O Vapor deixa o espelho embaçado, passo a toalha pelo vidro e as marcas no meu corpo deixam ainda mais evidente o erro que cometi – Spencer!

Assim como no passado eu me deixei levar, deixei meus instintos me guiarem apesar de saber que isso só me traria dor, e aqui estou eu. Metade de mim se sente "orgulhoso" por ter parado antes que as coisas tivessem ido para uma outra magnitude, a outra metade quer me estrangular, pelo fato de ter agido como um covarde e me refugiado nas montanhas.

Desde aquela noite na boate – antes mesmo de saber que era a mesma garota – eu sabia que Spencer mexia comigo, é como se houvesse um sincronismo natural, um encaixe perfeito, física, química e literalmente. Depois de ontem a noite não tem como continuar vendo Spencer todos os dias sem sucumbir a tentação, preciso frear isso, antes que seja tarde demais.

De alguma forma, sinto que assim como eu ela tem suas limitações, logo é melhor cortar o mau pela raiz agora, do que deixa que esta arvore crie raízes profundas. Pego o telefone e fico olhando para as teclas enquanto decido colocar um ponto final nessa história – ela com certeza já deve me odiar.

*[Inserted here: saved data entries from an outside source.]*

lemma det_mult_trace_matrix_inv_2:
  fixes M :: "'a::field^2^2"
  assumes "det M \<noteq> 0"
  shows "det M * trace (matrix_inv M) = trace M"
proof -
  have "trace (matrix_inv M) = (1 / det M) * (2 * trace M - trace M)"
    using assms by (simp add: matrix_inv_2 trace_2 matrix_matrix_mult_2 algebra_simps)
  with assms show ?thesis by simp
qed

lemma trace_conj:
  fixes G A :: "'a::field^'n^'n"
  assumes "invertible G"
  shows "trace (G ** A ** matrix_inv G) = trace A"
proof -
  have "trace (G ** A ** matrix_inv G) = trace (matrix_inv G ** G ** A)"
    by (metis matrix_mul_assoc trace_mul_sym)
  then show ?thesis by (simp add: matrix_inv_left[OF assms])
qed

lemma det_matrix_inv:
  fixes A :: "'a::field^'n^'n"
  assumes "invertible A"
  shows "det A * det (matrix_inv A) = 1"
  by (metis det_I det_mul matrix_inv_right[OF assms])

lemma reversible_2_imp_involution_or_det_1:
  fixes M G :: "'a::field^2^2"
  assumes M: "invertible M" and G: "invertible G" and rev: "G ** M = matrix_inv M ** G"
  shows "M ** M = mat 1 \<or> det M = 1"
proof (rule disjCI)
  assume "det M \<noteq> 1"
  have "det G * det M = det (matrix_inv M) * det G"
    using rev by (metis det_mul)
  with G have "det M = det (matrix_inv M)"
    by (simp add: invertible_det_nz)
  with det_matrix_inv[OF M] have "det M * det M = 1" by simp
  with \<open>det M \<noteq> 1\<close> have det_M: "det M = -1"
    by (simp add: square_eq_1_iff)
  have "G ** M ** matrix_inv G = matrix_inv M"
    using rev conj_eq_iff_intertwining[OF G] by blast
  then have "trace (matrix_inv M) = trace M"
    using trace_conj[OF G, of M] by simp
  with det_mult_trace_matrix_inv_2[of M] det_M have "(det M - 1) * trace M = 0"
    by (simp add: algebra_simps)
  with \<open>det M \<noteq> 1\<close> have "trace M = 0" by simp
  then show "M ** M = mat 1"
    using cayley_hamilton_2[of M] det_M by (simp add: matrix2_eq_iff)
qed

lemma involution_conj_adjugate_2:
  fixes M :: "'a::field^2^2"
  obtains T where "T ** T = mat 1" and "T ** M = (mat (trace M) - M) ** T"
proof (cases "M$2$1 = 0")
  case False
  let ?T = "vector [vector [1, (M$2$2 - M$1$1) / M$2$1], vector [0, -1]] :: 'a^2^2"
  have "?T ** ?T = mat 1" "?T ** M = (mat (trace M) - M) ** ?T"
    using False by (simp_all add: matrix2_simps field_simps)
  then show ?thesis by (rule that)
next
  case c0: True
  show ?thesis
  proof (cases "M$1$2 = 0")
    case False
    let ?T = "vector [vector [1, 0], vector [(M$2$2 - M$1$1) / M$1$2, -1]] :: 'a^2^2"
    have "?T ** ?T = mat 1" "?T ** M = (mat (trace M) - M) ** ?T"
      using False c0 by (simp_all add: matrix2_simps field_simps)
    then show ?thesis by (rule that)
  next
    case True
    let ?T = "vector [vector [0, 1], vector [1, 0]] :: 'a^2^2"
    have "?T ** ?T = mat 1" "?T ** M = (mat (trace M) - M) ** ?T"
      using True c0 by (simp_all add: matrix2_simps)
    then show ?thesis by (rule that)
  qed
qed

lemma involutory_reversor_2:
  fixes M :: "'a::field^2^2"
  assumes "M ** M = mat 1 \<or> det M = 1"
  obtains T where "T ** T = mat 1" and "T ** M = matrix_inv M ** T"
proof (cases "M ** M = mat 1")
  case True
  then have "matrix_inv M = M" by (rule matrix_inv_unique)
  then show ?thesis by (intro that[of "mat 1"]) simp_all
next
  case False
  with assms have "matrix_inv M = mat (trace M) - M"
    using matrix_inv_2[of M] by simp
  then show ?thesis using involution_conj_adjugate_2[of M] that by metis
qed

lemma mem_sym_group_iff:
  "G \<in> sym_group M \<longleftrightarrow> invertible G \<and> G ** M = M ** G"
  unfolding sym_group_def GL2_def using conj_eq_iff_intertwining by blast

lemma mem_rev_group_iff:
  "G \<in> rev_group M \<longleftrightarrow> invertible G \<and> (G ** M = M ** G \<or> G ** M = matrix_inv M ** G)"
  unfolding rev_group_def GL2_def using conj_eq_iff_intertwining by blast

lemma rev_group_eq_sym_group:
  fixes M :: "'a::field^2^2"
  assumes "M ** M = mat 1"
  shows "rev_group M = sym_group M"
  using matrix_inv_unique[OF assms] by (simp add: rev_group_def sym_group_def)

lemma sym_group_normal_rev_group:
  fixes M :: "'a::field^2^2"
  assumes M: "invertible M" and g: "g \<in> rev_group M" and s: "s \<in> sym_group M"
  shows "g ** s ** matrix_inv g \<in> sym_group M"
proof -
  have inv_g: "invertible g" and inv_s: "invertible s" and sM: "s ** M = M ** s"
    using g s by (auto simp: mem_rev_group_iff mem_sym_group_iff)
  have "invertible (g ** s ** matrix_inv g)"
    by (simp add: inv_g inv_s invertible_matrix_inv invertible_mult)
  moreover have "g ** s ** matrix_inv g ** M = M ** (g ** s ** matrix_inv g)"
  proof (cases "g ** M = M ** g")
    case True
    show ?thesis
      using intertwining_mult[OF intertwining_mult[OF
            intertwining_matrix_inv_left[OF inv_g True] sM] True]
      by (simp add: matrix_mul_assoc)
  next
    case False
    with g have "g ** M = matrix_inv M ** g" by (simp add: mem_rev_group_iff)
    then have gMi: "g ** matrix_inv M = M ** g" by (rule reversor_matrix_inv[OF M])
    have "s ** matrix_inv M = matrix_inv M ** s"
      using intertwining_matrix_inv[OF M M sM] .
    then show ?thesis
      using intertwining_mult[OF intertwining_mult[OF
            intertwining_matrix_inv_left[OF inv_g gMi]] gMi]
      by (simp add: matrix_mul_assoc)
  qed
  ultimately show ?thesis by (simp add: mem_sym_group_iff)
qed

lemma rev_group_eq_sym_group_times_reversor:
  fixes M T :: "'a::field^2^2"
  assumes M: "invertible M" and T: "T ** T = mat 1" and rev: "T ** M = matrix_inv M ** T"
  shows "rev_group M = {s ** h | s h. s \<in> sym_group M \<and> h \<in> {mat 1, T}}"
proof -
  have inv_T: "invertible T" using T by (rule invertible_involution)
  have "g \<in> {s ** h | s h. s \<in> sym_group M \<and> h \<in> {mat 1, T}}" if g: "g \<in> rev_group M" for g
  proof (cases "g \<in> sym_group M")
    case True
    then show ?thesis by force
  next
    case False
    with g have inv_g: "invertible g" and "g ** M = matrix_inv M ** g"
      by (auto simp: mem_rev_group_iff mem_sym_group_iff)
    then have "g ** matrix_inv M = M ** g" by (simp add: reversor_matrix_inv[OF M])
    then have "g ** T \<in> sym_group M"
      using intertwining_mult[OF rev] inv_g inv_T
      by (simp add: mem_sym_group_iff invertible_mult)
    moreover have "g = (g ** T) ** T"
      by (simp add: T flip: matrix_mul_assoc)
    ultimately show ?thesis by blast
  qed
  moreover have "s ** h \<in> rev_group M" if s: "s \<in> sym_group M" and h: "h \<in> {mat 1, T}" for s h
  proof -
    from s have inv_s: "invertible s" and sM: "s ** M = M ** s"
      by (auto simp: mem_sym_group_iff)
    have "s ** T ** M = matrix_inv M ** (s ** T)"
      using intertwining_mult[OF rev intertwining_matrix_inv[OF M M sM]] .
    with h inv_s inv_T sM show ?thesis
      by (auto simp: mem_rev_group_iff invertible_mult)
  qed
  ultimately show ?thesis by blast
qed

lemma semidirect_C2_rev_group:
  fixes M T :: "'a::field^2^2"
  assumes M: "invertible M" and not_involution: "M ** M \<noteq> mat 1"
    and T: "T ** T = mat 1" and rev: "T ** M = matrix_inv M ** T"
  shows "semidirect_C2 (rev_group M) (sym_group M) T"
proof -
  have "T \<notin> sym_group M"
  proof
    assume "T \<in> sym_group M"
    with rev have "matrix_inv M ** T ** T = M ** T ** T"
      by (simp add: mem_sym_group_iff)
    then have "matrix_inv M = M" by (simp add: T flip: matrix_mul_assoc)
    with not_involution matrix_inv_right[OF M] show False by simp
  qed
  moreover have "mat 1 \<in> sym_group M"
    using invertible_right_inverse by (fastforce simp: mem_sym_group_iff)
  moreover have "T \<in> rev_group M"
    using invertible_involution[OF T] rev by (simp add: mem_rev_group_iff)
  ultimately show ?thesis
    unfolding semidirect_C2_def
    using T sym_group_normal_rev_group[OF M] rev_group_eq_sym_group_times_reversor[OF M T rev]
    by blast
qed
theorem theorem6:
  fixes N :: nat and mu :: "nat \<Rightarrow> real" and \<delta> a b c \<pi>1 :: real
    and g :: "real \<Rightarrow> real" and Sstar :: "nat set"
  assumes N2: "N \<ge> 2"
    and mu1: "mu 1 < 0" and mu2: "0 < mu 2"
    and mu_mono: "\<And>i j. 2 \<le> i \<Longrightarrow> i < j \<Longrightarrow> j \<le> N \<Longrightarrow> mu i < mu j"
    and delta: "0 < \<delta>" "\<delta> < mu 2"
    and abc: "0 < a" "a < 1" "1 < b" "b < c"
    and pi1: "0 < \<pi>1"
      "\<pi>1 \<le> xbar1 b (mu 1) \<delta> / (xbar1 b (mu 1) \<delta> + (c - a) / (2 * a * (mu N - \<delta>)))"
    and g_pos: "\<And>x. x > 0 \<Longrightarrow> g x > 0"
    and g_deriv: "\<And>x. x > 0 \<Longrightarrow> \<exists>D. (g has_real_derivative D) (at x) \<and> D \<ge> 0"
    and Sstar_K: "Sstar \<in> Kfam a b c mu \<delta> \<pi>1 N"
    and Sstar_min: "\<And>S. S \<in> Kfam a b c mu \<delta> \<pi>1 N \<Longrightarrow> Gfun a b c mu \<delta> \<pi>1 g Sstar \<le> Gfun a b c mu \<delta> \<pi>1 g S"
  shows
    "let m = card Sstar; k1 = Min Sstar; X1 = xbar1 b (mu 1) \<delta>;
         Dl = Delta a b c mu \<delta> \<pi>1 Sstar;
         xs = (\<lambda>k. if k = k1 then xbark a c (mu k) \<delta> m + Dl else xbark a c (mu k) \<delta> m);
         tot = (\<Sum>k\<in>Sstar. xbark a c (mu k) \<delta> m) + Dl;
         pis = (\<lambda>k. if k \<in> Sstar then (1 - \<pi>1) * xs k / (\<Sum>l\<in>Sstar. xs l) else 0)
     in feasible a b c mu \<delta> \<pi>1 N Sstar X1 xs
      \<and> (\<forall>S x1 x. feasible a b c mu \<delta> \<pi>1 N S x1 x \<longrightarrow> Psi \<pi>1 g mu Sstar X1 xs \<le> Psi \<pi>1 g mu S x1 x)
      \<and> Psi \<pi>1 g mu Sstar X1 xs = \<pi>1 * g (mu 1) + (1 - \<pi>1) * Gfun a b c mu \<delta> \<pi>1 g Sstar
      \<and> pis k1 = (1 - \<pi>1) * (xbark a c (mu k1) \<delta> m + Dl) / tot
      \<and> (\<forall>k\<in>Sstar - {k1}. pis k = (1 - \<pi>1) * xbark a c (mu k) \<delta> m / tot)
      \<and> (\<forall>k\<in>{2..N} - Sstar. pis k = 0)"
proof -
  interpret mtd_setting N mu \<delta> a b c \<pi>1
    using N2 mu1 mu_mono delta abc pi1 by unfold_locales
  have total: "(\<Sum>k\<in>Sstar. opt_point Sstar k) = (\<Sum>k\<in>Sstar. xb Sstar k) + Delta a b c mu \<delta> \<pi>1 Sstar"
    using sum_opt_point[OF Sstar_K] sum_xb_plus_Delta by simp
  have "Min Sstar \<in> Sstar"
    using Kfam_D[OF Sstar_K] by simp
  then show ?thesis
    unfolding Let_def opt_point_def[symmetric] total
  proof (intro conjI)
    show "feasible a b c mu \<delta> \<pi>1 N Sstar X1 (opt_point Sstar)"
      using feasible_opt_point[OF Sstar_K] .
    show "Psi \<pi>1 g mu Sstar X1 (opt_point Sstar) = \<pi>1 * g (mu 1) + (1 - \<pi>1) * Gfun a b c mu \<delta> \<pi>1 g Sstar"
      using Psi_opt_point[OF Sstar_K] .
    show "\<forall>S x1 x. feasible a b c mu \<delta> \<pi>1 N S x1 x \<longrightarrow>
        Psi \<pi>1 g mu Sstar X1 (opt_point Sstar) \<le> Psi \<pi>1 g mu S x1 x"
      using opt_point_optimal[OF nonneg_deriv_imp_mono_on_pos[OF g_deriv] Sstar_K Sstar_min] by blast
  qed (auto simp: opt_point_def)
qed

end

Tentei ligar 2 vezes para o professor Kevin, mas não consegui nada além de caixa postal deixei alguns recados e comecei a finalizar a pesquisa.

Eu sabia que estava sendo um babaca, mas por outro lado, eu também sabia que conversar amigavelmente com Spencer sobre fingirmos que nada ocorreu e continuarmos sendo colegas de pesquisa seria a maior balela do mundo. Primeiro porque ela ficaria muito puta comigo e não admitiria; segundo porque ficaríamos nos imaginando sem roupas – pelo menos eu iria imagina-la – e terceiro porque eu queria aniquilar com qualquer experiência/encontro posterior com ela de uma vez por todas. Afinal, foi assim que consegui me curar da ultima vez.

Com a pesquisa pronta, peguei a chave da moto e fui pra universidade. Encontrei o professor Kevin no estacionamento.

- Ora, ora, Sr. Campbell, ouvi seus recados ainda a pouco, o que tem de tão importante que não pode esperar até amanha?

- Bom professor, será que podemos ir até seu escritório ou laboratório? – perguntei o mais gentil possível.

- Estou vendo que não tenho escolha, vamos logo.

Fomos caminhando a passos longos, sendo interrompidos apenas pela coordenadora geral do programa de estágios.

- Diga o que deseja Will – disse enquanto colocava sua pasta na mesa e se sentava.

- Professor, aqui está à pesquisa. Finalizei-a ainda a pouco. – disse colocando-a em cima da mesa.

- Caramba você e a Srta. Reed estão bem adiantados, vejo que foi uma excelente escolha colocar vocês dois para trabalharem juntos, mas devo perguntar isso que está em minhas mãos, o quanto você fez sozinho? – perguntou sua cara não era das melhores, ele desconfiava de algo.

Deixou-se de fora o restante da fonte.